→ **Exercise input**:
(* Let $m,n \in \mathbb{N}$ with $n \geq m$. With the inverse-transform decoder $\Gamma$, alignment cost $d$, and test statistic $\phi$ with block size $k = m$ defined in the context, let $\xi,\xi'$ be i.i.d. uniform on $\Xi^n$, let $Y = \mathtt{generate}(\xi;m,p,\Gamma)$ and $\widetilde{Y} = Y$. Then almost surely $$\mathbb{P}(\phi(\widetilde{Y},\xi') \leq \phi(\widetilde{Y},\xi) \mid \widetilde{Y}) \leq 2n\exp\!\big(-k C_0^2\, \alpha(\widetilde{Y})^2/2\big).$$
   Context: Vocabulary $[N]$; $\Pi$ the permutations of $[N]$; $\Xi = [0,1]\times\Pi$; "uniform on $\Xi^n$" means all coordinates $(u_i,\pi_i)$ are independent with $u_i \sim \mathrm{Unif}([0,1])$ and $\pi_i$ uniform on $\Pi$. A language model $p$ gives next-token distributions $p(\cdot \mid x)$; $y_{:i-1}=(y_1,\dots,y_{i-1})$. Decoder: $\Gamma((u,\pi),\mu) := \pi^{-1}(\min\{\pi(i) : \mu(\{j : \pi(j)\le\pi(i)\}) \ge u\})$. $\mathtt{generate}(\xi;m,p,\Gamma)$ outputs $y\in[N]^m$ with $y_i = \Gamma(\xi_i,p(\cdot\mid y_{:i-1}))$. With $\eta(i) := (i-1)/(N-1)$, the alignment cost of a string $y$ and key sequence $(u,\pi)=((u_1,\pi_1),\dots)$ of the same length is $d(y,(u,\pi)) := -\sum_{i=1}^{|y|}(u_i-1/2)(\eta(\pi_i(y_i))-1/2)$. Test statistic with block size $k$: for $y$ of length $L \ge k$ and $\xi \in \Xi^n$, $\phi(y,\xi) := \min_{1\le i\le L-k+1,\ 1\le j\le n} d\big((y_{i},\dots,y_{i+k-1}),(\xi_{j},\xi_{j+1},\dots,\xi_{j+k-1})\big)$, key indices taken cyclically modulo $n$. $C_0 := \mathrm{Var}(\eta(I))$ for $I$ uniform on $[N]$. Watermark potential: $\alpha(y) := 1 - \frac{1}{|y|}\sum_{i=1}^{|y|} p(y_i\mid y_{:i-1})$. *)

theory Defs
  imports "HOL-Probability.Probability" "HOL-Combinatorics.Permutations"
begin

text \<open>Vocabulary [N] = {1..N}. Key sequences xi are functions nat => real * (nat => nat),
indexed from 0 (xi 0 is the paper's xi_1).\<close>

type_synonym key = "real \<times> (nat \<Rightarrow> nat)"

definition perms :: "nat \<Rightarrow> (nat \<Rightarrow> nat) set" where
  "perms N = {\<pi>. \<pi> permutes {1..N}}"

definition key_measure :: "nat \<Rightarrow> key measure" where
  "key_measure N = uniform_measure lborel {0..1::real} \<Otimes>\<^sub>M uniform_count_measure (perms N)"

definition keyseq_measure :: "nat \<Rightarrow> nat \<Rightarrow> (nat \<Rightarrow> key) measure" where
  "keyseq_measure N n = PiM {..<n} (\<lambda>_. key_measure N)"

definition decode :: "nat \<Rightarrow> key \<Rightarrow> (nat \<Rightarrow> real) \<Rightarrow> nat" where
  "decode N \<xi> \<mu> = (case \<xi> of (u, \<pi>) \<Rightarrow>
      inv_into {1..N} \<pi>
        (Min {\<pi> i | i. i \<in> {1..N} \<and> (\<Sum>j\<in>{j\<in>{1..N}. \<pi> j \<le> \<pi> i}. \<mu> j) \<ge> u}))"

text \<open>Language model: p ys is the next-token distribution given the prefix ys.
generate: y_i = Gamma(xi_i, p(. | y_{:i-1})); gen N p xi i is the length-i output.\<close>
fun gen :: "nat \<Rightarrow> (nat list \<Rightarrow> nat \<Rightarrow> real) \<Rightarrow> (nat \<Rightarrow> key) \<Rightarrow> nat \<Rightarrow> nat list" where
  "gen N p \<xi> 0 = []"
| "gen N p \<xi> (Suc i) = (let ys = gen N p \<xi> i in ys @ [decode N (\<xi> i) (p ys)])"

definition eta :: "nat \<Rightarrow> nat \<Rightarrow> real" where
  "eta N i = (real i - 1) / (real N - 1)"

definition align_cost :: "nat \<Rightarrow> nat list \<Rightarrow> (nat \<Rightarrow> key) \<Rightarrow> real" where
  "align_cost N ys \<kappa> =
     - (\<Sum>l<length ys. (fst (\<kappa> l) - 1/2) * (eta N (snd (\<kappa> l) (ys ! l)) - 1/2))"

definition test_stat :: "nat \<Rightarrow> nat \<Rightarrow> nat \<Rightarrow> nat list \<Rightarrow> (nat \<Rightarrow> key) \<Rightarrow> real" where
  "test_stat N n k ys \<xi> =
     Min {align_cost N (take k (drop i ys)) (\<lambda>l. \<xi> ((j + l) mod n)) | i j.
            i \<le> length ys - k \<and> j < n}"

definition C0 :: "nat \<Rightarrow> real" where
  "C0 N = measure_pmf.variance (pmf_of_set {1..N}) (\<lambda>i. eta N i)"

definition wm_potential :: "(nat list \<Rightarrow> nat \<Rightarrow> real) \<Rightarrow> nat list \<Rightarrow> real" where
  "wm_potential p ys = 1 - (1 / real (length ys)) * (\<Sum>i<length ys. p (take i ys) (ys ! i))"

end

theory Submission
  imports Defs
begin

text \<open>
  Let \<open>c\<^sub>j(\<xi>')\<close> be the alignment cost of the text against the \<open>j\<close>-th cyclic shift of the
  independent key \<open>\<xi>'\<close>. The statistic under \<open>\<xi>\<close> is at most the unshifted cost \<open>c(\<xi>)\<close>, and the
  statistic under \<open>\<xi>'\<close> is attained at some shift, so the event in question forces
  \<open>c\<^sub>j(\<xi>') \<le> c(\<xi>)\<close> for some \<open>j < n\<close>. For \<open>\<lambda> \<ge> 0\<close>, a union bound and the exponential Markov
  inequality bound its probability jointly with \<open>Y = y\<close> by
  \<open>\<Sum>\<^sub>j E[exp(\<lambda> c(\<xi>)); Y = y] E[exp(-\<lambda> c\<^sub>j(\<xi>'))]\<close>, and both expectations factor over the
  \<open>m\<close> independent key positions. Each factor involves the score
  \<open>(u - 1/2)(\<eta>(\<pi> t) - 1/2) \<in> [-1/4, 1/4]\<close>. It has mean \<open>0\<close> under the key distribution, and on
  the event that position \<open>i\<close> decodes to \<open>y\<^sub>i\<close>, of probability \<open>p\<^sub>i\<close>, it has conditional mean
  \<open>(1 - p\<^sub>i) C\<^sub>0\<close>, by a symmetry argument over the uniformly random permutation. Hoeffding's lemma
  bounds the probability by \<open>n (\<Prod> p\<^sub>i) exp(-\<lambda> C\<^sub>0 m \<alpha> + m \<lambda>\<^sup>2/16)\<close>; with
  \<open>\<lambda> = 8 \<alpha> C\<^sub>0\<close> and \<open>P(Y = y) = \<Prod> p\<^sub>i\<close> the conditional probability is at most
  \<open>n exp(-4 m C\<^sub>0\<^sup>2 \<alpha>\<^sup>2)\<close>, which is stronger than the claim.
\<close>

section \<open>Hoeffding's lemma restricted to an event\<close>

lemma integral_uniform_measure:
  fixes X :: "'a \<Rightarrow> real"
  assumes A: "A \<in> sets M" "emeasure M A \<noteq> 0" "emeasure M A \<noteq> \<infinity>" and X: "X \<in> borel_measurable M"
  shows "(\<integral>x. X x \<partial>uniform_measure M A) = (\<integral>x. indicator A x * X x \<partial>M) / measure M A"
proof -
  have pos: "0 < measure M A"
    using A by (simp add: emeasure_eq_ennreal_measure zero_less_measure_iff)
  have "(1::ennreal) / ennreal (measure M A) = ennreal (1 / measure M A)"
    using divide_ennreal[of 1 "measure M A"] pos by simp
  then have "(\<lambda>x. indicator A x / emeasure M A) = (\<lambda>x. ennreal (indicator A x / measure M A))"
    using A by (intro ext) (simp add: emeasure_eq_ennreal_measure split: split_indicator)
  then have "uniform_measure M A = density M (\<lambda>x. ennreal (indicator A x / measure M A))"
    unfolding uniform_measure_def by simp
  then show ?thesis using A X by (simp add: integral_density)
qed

→ **Work request**: Every line above with the word "over" belongs in the answer, copied as written.

→ **Exercise result**:
  \<open>\<Sum>\<^sub>j E[exp(\<lambda> c(\<xi>)); Y = y] E[exp(-\<lambda> c\<^sub>j(\<xi>'))]\<close>, and both expectations factor over the
  \<open>(1 - p\<^sub>i) C\<^sub>0\<close>, by a symmetry argument over the uniformly random permutation. Hoeffding's lemma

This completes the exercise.